= Required action =
The word "definition" marks the lines to keep; find each one in the data and copy it.

(Given entries)

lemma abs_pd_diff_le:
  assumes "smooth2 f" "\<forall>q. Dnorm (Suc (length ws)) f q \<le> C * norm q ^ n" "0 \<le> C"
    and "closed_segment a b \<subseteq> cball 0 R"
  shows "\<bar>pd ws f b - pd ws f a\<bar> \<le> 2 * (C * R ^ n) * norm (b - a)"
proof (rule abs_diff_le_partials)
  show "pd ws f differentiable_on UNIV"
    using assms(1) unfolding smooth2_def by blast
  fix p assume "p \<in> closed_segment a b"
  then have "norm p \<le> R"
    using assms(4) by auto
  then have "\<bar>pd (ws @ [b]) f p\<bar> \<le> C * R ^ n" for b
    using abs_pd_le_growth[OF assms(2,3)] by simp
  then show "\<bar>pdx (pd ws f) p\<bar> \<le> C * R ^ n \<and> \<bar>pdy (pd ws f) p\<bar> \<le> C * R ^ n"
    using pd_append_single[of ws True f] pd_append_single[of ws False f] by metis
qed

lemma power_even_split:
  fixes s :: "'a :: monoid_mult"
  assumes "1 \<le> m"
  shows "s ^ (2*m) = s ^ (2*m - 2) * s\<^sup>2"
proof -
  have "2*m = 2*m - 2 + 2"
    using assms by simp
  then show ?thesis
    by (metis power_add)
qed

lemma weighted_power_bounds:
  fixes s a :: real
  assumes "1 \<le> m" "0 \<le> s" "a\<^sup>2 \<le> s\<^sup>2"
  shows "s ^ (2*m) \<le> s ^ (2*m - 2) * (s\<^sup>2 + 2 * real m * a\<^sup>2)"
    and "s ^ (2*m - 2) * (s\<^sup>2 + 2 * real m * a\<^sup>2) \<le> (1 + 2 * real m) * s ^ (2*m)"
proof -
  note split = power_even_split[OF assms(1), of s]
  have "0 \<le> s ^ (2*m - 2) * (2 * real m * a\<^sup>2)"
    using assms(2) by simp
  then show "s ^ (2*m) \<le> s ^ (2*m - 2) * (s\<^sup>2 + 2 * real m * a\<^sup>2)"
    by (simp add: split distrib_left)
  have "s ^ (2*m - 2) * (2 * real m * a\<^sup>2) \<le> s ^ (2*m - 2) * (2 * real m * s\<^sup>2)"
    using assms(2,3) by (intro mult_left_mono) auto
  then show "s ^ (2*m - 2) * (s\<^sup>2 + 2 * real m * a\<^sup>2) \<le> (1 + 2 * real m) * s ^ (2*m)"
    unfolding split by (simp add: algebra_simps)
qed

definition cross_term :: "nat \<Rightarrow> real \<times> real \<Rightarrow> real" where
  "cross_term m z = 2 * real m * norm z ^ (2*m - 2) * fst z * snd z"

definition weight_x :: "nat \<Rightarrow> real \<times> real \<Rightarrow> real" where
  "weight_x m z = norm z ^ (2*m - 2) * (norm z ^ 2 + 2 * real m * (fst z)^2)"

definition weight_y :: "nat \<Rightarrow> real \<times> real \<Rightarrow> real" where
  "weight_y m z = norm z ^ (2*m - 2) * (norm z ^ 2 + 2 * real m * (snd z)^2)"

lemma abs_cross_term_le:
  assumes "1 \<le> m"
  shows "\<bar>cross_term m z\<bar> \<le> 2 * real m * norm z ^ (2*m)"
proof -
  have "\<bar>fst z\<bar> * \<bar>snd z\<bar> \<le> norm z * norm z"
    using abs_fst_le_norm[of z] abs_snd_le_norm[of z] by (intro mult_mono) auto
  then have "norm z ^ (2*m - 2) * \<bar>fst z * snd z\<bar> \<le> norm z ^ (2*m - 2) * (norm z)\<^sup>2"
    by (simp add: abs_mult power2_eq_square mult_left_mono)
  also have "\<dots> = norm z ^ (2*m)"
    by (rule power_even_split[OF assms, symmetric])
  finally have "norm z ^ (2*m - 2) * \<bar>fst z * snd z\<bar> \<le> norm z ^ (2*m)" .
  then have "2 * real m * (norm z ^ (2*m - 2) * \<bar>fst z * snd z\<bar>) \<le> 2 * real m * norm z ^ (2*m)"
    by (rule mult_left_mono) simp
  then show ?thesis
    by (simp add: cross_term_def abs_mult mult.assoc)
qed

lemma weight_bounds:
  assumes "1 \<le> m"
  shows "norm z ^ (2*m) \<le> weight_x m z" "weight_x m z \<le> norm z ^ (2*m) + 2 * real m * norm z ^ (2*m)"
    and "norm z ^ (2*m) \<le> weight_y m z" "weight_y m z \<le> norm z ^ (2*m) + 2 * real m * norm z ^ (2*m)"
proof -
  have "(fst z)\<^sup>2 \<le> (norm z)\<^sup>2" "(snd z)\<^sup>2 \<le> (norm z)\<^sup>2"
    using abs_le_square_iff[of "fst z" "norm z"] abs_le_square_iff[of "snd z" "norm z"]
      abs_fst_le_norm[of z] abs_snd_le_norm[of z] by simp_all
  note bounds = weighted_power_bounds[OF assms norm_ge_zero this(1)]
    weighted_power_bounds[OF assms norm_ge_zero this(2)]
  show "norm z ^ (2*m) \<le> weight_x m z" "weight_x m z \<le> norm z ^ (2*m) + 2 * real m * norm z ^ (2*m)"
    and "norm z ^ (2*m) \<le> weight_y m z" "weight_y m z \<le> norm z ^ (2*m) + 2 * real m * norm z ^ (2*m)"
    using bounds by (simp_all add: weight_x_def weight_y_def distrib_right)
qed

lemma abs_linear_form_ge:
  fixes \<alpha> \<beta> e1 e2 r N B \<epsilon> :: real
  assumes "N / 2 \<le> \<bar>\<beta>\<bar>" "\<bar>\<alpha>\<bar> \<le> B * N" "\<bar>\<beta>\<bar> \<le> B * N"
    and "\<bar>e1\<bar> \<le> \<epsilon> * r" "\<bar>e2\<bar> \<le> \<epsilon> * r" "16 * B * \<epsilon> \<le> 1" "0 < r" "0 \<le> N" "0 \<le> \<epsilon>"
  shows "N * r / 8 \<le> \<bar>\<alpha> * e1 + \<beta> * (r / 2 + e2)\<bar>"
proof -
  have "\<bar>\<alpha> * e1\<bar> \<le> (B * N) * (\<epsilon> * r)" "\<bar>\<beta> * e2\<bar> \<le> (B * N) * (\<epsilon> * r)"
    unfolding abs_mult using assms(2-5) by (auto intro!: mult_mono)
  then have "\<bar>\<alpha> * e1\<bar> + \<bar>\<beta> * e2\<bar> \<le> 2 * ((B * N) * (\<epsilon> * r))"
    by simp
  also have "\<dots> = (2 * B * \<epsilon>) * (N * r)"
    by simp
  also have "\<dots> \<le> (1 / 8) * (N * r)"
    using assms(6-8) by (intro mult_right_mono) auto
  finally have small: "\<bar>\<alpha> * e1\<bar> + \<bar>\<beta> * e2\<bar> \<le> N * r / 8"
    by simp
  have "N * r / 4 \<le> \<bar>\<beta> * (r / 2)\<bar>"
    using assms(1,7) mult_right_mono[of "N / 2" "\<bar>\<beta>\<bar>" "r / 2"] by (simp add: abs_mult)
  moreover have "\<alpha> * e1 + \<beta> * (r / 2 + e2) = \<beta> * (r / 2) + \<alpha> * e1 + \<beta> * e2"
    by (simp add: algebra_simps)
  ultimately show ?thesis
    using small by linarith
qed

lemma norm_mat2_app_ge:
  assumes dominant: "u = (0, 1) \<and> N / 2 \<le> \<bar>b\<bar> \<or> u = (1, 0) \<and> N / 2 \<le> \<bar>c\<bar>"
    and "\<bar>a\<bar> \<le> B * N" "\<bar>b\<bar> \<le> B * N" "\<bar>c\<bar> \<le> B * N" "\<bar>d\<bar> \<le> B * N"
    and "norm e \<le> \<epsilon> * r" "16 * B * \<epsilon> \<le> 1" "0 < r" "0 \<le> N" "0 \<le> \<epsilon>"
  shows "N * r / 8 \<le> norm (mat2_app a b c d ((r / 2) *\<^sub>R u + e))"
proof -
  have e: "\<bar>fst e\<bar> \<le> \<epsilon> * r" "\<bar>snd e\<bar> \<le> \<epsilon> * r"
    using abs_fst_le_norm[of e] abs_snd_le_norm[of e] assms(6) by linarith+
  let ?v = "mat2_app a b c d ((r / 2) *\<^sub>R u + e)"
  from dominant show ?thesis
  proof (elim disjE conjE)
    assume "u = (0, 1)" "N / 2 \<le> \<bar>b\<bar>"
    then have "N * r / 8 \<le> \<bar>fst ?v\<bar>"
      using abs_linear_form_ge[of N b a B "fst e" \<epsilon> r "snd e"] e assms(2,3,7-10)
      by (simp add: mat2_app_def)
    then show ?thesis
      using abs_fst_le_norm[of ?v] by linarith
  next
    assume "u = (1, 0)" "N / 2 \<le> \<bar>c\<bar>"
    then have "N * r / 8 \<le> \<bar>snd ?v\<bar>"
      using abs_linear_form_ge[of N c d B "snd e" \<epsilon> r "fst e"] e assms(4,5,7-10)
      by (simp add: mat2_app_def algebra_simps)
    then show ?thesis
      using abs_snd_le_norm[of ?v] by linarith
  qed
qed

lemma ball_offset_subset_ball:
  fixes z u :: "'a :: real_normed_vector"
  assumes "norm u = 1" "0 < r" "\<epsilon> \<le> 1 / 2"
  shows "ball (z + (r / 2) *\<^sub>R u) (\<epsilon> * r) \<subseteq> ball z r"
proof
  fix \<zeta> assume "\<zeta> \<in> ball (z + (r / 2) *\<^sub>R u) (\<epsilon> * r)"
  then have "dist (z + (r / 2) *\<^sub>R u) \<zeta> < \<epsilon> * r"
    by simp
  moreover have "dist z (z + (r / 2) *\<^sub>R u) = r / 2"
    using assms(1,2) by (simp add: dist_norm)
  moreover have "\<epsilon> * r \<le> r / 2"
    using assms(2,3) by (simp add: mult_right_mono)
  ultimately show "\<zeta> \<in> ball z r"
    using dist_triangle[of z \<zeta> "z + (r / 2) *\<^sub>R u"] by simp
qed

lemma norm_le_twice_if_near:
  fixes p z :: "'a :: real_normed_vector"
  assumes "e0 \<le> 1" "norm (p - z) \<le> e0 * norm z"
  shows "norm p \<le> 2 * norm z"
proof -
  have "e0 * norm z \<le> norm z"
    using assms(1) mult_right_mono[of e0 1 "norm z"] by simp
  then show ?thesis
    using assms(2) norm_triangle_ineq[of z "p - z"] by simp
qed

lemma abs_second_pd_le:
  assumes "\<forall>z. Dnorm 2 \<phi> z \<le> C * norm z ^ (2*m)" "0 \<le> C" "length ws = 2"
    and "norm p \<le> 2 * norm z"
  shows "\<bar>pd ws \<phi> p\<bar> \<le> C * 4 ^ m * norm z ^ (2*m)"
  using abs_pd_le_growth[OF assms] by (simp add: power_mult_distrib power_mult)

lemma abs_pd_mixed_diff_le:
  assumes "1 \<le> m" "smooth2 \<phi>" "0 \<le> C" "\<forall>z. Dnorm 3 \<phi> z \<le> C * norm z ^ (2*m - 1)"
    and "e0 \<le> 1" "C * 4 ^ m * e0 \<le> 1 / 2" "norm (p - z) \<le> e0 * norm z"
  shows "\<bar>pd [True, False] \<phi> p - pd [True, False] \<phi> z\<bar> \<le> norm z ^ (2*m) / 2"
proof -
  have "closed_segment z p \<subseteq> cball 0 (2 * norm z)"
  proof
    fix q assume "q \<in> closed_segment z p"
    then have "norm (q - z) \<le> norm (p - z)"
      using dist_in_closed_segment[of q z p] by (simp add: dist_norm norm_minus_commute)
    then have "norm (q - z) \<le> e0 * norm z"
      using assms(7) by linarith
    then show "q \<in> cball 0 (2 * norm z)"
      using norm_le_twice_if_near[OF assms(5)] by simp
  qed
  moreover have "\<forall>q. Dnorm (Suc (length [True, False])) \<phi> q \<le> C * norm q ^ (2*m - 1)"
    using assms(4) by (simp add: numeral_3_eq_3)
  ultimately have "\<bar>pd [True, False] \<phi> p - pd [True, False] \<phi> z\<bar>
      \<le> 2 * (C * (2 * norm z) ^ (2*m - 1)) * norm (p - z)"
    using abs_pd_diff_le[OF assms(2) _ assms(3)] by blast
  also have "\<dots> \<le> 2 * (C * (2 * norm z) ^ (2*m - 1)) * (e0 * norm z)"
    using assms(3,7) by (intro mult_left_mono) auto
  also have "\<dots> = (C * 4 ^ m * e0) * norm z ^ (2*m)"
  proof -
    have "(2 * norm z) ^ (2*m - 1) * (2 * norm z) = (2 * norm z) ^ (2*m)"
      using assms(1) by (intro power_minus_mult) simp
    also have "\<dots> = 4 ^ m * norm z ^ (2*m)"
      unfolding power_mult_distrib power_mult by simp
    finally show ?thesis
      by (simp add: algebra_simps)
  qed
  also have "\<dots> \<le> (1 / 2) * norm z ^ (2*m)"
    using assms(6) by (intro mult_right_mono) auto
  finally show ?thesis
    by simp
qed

(End Given entries)

= Finished task =
definition cross_term :: "nat \<Rightarrow> real \<times> real \<Rightarrow> real" where
definition weight_x :: "nat \<Rightarrow> real \<times> real \<Rightarrow> real" where
definition weight_y :: "nat \<Rightarrow> real \<times> real \<Rightarrow> real" where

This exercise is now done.